• Provided material
# # # # # # #

lemma prod_list_le_power:
  fixes f :: "'b \<Rightarrow> 'a::linordered_semidom"
  assumes "\<And>x. 0 \<le> f x" "\<And>x. f x \<le> W"
  shows "(\<Prod>x\<leftarrow>xs. f x) \<le> W ^ length xs"
  by (induction xs) (auto intro!: mult_mono assms order.trans[OF assms] prod_list_nonneg)

lemma sum_power_le_card_power_mult_sum:
  fixes a :: "'b \<Rightarrow> real"
  assumes "finite K" "K \<noteq> {}" "\<And>k. k \<in> K \<Longrightarrow> 0 \<le> a k"
  shows "(\<Sum>k\<in>K. a k) ^ p \<le> real (card K) ^ p * (\<Sum>k\<in>K. a k ^ p)"
proof -
  have "Max (a ` K) \<in> a ` K"
    using assms(1,2) by (intro Max_in) auto
  then obtain k0 where "k0 \<in> K" and k0: "a k0 = Max (a ` K)"
    by auto
  have "(\<Sum>k\<in>K. a k) \<le> real (card K) * a k0"
    using sum_bounded_above[of K a "a k0"] assms(1) k0 by simp
  then have "(\<Sum>k\<in>K. a k) ^ p \<le> (real (card K) * a k0) ^ p"
    by (intro power_mono) (simp_all add: assms(3) sum_nonneg)
  also have "\<dots> = real (card K) ^ p * a k0 ^ p"
    by (simp add: power_mult_distrib)
  also have "\<dots> \<le> real (card K) ^ p * (\<Sum>k\<in>K. a k ^ p)"
    using \<open>k0 \<in> K\<close> assms by (intro mult_left_mono member_le_sum) simp_all
  finally show ?thesis .
qed

lemma eventually_at_right_0_uniform_constant:
  fixes P :: "'i \<Rightarrow> real \<Rightarrow> real \<Rightarrow> bool"
  assumes "finite I"
    and "\<And>i. i \<in> I \<Longrightarrow> \<exists>C. \<forall>\<^sub>F h in at_right 0. P i C h"
    and "\<And>i C C' h. C \<le> C' \<Longrightarrow> 0 < h \<Longrightarrow> P i C h \<Longrightarrow> P i C' h"
  shows "\<exists>C\<ge>0. \<forall>\<^sub>F h in at_right 0. \<forall>i\<in>I. P i C h"
proof -
  obtain C where C: "\<And>i. i \<in> I \<Longrightarrow> \<forall>\<^sub>F h in at_right 0. P i (C i) h"
    using assms(2) by metis
  define C0 where "C0 = (\<Sum>i\<in>I. max 0 (C i))"
  have "0 \<le> C0"
    unfolding C0_def by (simp add: sum_nonneg)
  have "C i \<le> C0" if "i \<in> I" for i
    using member_le_sum[of i I "\<lambda>i. max 0 (C i)"] assms(1) that unfolding C0_def by simp
  have "\<forall>\<^sub>F h in at_right 0. \<forall>i\<in>I. P i (C i) h"
    using C assms(1) by (simp add: eventually_ball_finite_distrib)
  moreover have "\<forall>\<^sub>F h in at_right (0::real). 0 < h"
    by (rule eventually_at_right_less)
  ultimately have "\<forall>\<^sub>F h in at_right 0. \<forall>i\<in>I. P i C0 h"
    by eventually_elim (use assms(3) \<open>\<And>i. i \<in> I \<Longrightarrow> C i \<le> C0\<close> in blast)
  with \<open>0 \<le> C0\<close> show ?thesis
    by blast
qed

lemma eventually_at_right_0_uniform_linear_bound:
  fixes f :: "'i \<Rightarrow> real \<Rightarrow> 'x \<Rightarrow> real"
  assumes "finite I" "\<And>i. i \<in> I \<Longrightarrow> \<exists>C. \<forall>\<^sub>F h in at_right 0. \<forall>x\<in>X. f i h x \<le> C * h"
  shows "\<exists>C\<ge>0. \<forall>\<^sub>F h in at_right 0. \<forall>i\<in>I. \<forall>x\<in>X. f i h x \<le> C * h"
  using assms(2) by (rule eventually_at_right_0_uniform_constant[OF assms(1)])
    (auto elim!: order.trans intro!: mult_right_mono)

lemma eventually_at_right_0_uniform_power_bound:
  fixes F :: "'i \<Rightarrow> real \<Rightarrow> ennreal"
  assumes "finite I" "\<And>i. i \<in> I \<Longrightarrow> \<exists>C. \<forall>\<^sub>F h in at_right 0. F i h \<le> ennreal (C * h ^ k)"
  shows "\<exists>C\<ge>0. \<forall>\<^sub>F h in at_right 0. \<forall>i\<in>I. F i h \<le> ennreal (C * h ^ k)"
  using assms(2)
proof (rule eventually_at_right_0_uniform_constant[OF assms(1)])
  fix i C C' and h :: real
  assume "C \<le> C'" "0 < h" "F i h \<le> ennreal (C * h ^ k)"
  note \<open>F i h \<le> ennreal (C * h ^ k)\<close>
  also have "ennreal (C * h ^ k) \<le> ennreal (C' * h ^ k)"
    using \<open>C \<le> C'\<close> \<open>0 < h\<close> by (intro ennreal_leI mult_right_mono) simp_all
  finally show "F i h \<le> ennreal (C' * h ^ k)" .
qed

definition partition01 :: "(nat \<Rightarrow> real) \<Rightarrow> nat \<Rightarrow> bool" where
  "partition01 r m \<longleftrightarrow> r 0 = 0 \<and> r m = 1 \<and> (\<forall>i<m. r i < r (Suc i))"

definition piecewise_linear :: "(nat \<Rightarrow> real) \<Rightarrow> nat \<Rightarrow> (real \<Rightarrow> 'b::real_vector) \<Rightarrow> bool" where
  "piecewise_linear r m g \<longleftrightarrow> (\<forall>i<m. \<forall>s\<in>{r i..r (Suc i)}.
     g s = g (r i) + ((s - r i) / (r (Suc i) - r i)) *\<^sub>R (g (r (Suc i)) - g (r i)))"

definition partition_variation :: "(nat \<Rightarrow> real) \<Rightarrow> nat \<Rightarrow> (real \<Rightarrow> real) \<Rightarrow> real" where
  "partition_variation r m g = (\<Sum>i<m. \<bar>g (r (Suc i)) - g (r i)\<bar>)"

definition slope_envelope :: "(nat \<Rightarrow> real) \<Rightarrow> nat \<Rightarrow> (real \<Rightarrow> real) \<Rightarrow> real \<Rightarrow> real" where
  "slope_envelope r m g s =
     (\<Sum>i<m. if s \<in> {r i..r (Suc i)} then \<bar>g (r (Suc i)) - g (r i)\<bar> / (r (Suc i) - r i) else 0)"

lemma partition01_mono:
  assumes "partition01 r m" "i \<le> k" "k \<le> m"
  shows "r i \<le> r k"
  using assms(2,3)
proof (induction k)
  case (Suc k)
  show ?case
  proof (cases "i = Suc k")
    case False
    then have "r i \<le> r k"
      using Suc by simp
    also have "r k < r (Suc k)"
      using assms(1) Suc.prems unfolding partition01_def by simp
    finally show ?thesis
      by simp
  qed simp
qed simp

lemma partition01_in_unit:
  assumes "partition01 r m" "i \<le> m"
  shows "r i \<in> {0..1}"
  using partition01_mono[OF assms(1), of 0 i] partition01_mono[OF assms(1), of i m] assms
  unfolding partition01_def by auto

lemma partition01_locate:
  assumes "partition01 r m" "s \<in> {0..1}" "s \<notin> r ` {..m}"
  obtains i where "i < m" "r i < s" "s < r (Suc i)"
proof -
  define A where "A = {i. i \<le> m \<and> r i < s}"
  have "finite A" "0 \<in> A"
    using assms unfolding A_def partition01_def by (auto simp: order_le_less)
  define i where "i = Max A"
  have "i \<in> A"
    unfolding i_def using \<open>finite A\<close> \<open>0 \<in> A\<close> by (intro Max_in) auto
  have "Suc i \<notin> A"
    using Max_ge[OF \<open>finite A\<close>, of "Suc i"] unfolding i_def by auto
  have "i \<noteq> m"
    using \<open>i \<in> A\<close> assms unfolding A_def partition01_def by auto
  then have "i < m" "r i < s"
    using \<open>i \<in> A\<close> unfolding A_def by auto
  moreover have "s \<le> r (Suc i)"
    using \<open>Suc i \<notin> A\<close> \<open>i < m\<close> unfolding A_def by auto
  moreover have "r (Suc i) \<noteq> s"
    using assms(3) \<open>i < m\<close> by force
  ultimately show thesis
    using that by auto
qed

lemma piecewise_linearD:
  "piecewise_linear r m g \<Longrightarrow> i < m \<Longrightarrow> s \<in> {r i..r (Suc i)} \<Longrightarrow>
     g s = g (r i) + ((s - r i) / (r (Suc i) - r i)) *\<^sub>R (g (r (Suc i)) - g (r i))"
  unfolding piecewise_linear_def by blast

lemma coord_None [simp]: "coord gt gw None = gt"
  by (simp add: fun_eq_iff coord_def)

lemma coord_Some [simp]: "coord gt gw (Some j) = (\<lambda>s. gw s $ j)"
  by (simp add: fun_eq_iff coord_def)

lemma piecewise_linear_vec_nth:
  assumes "piecewise_linear r m g"
  shows "piecewise_linear r m (\<lambda>s. g s $ j)"
  unfolding piecewise_linear_def
proof (intro allI impI ballI)
  fix i s
  assume "i < m" "s \<in> {r i..r (Suc i)}"
  then have "g s = g (r i) + ((s - r i) / (r (Suc i) - r i)) *\<^sub>R (g (r (Suc i)) - g (r i))"
    by (rule piecewise_linearD[OF assms])
  then show "g s $ j
      = g (r i) $ j + ((s - r i) / (r (Suc i) - r i)) *\<^sub>R (g (r (Suc i)) $ j - g (r i) $ j)"
    by simp
qed

lemma piecewise_linear_coord:
  "piecewise_linear r m gt \<Longrightarrow> piecewise_linear r m gw \<Longrightarrow> piecewise_linear r m (coord gt gw c)"
  by (cases c) (simp_all add: piecewise_linear_vec_nth)

lemma vector_derivative_piecewise_linear:
  fixes g :: "real \<Rightarrow> 'b::real_normed_vector"
  assumes "piecewise_linear r m g" "i < m" "r i < s" "s < r (Suc i)"
  shows "vector_derivative g (at s) = (1 / (r (Suc i) - r i)) *\<^sub>R (g (r (Suc i)) - g (r i))"
proof -
  let ?L = "\<lambda>y. g (r i) + ((y - r i) / (r (Suc i) - r i)) *\<^sub>R (g (r (Suc i)) - g (r i))"
  have "(?L has_vector_derivative (1 / (r (Suc i) - r i)) *\<^sub>R (g (r (Suc i)) - g (r i))) (at s)"
    by (auto intro!: derivative_eq_intros simp: divide_inverse)
  moreover have "s \<in> {r i<..<r (Suc i)}"
    using assms(3,4) by simp
  moreover have "?L y = g y" if "y \<in> {r i<..<r (Suc i)}" for y
    using piecewise_linearD[OF assms(1,2), of y] that by simp
  ultimately have
    "(g has_vector_derivative (1 / (r (Suc i) - r i)) *\<^sub>R (g (r (Suc i)) - g (r i))) (at s)"
    by (rule has_vector_derivative_transform_within_open[OF _ open_greaterThanLessThan])
  then show ?thesis
    by (rule vector_derivative_at)
qed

# # # # # # #

• What you have to do
Say how many lines of the material hold the string "close", giving the number alone.

• Response for this exercise
11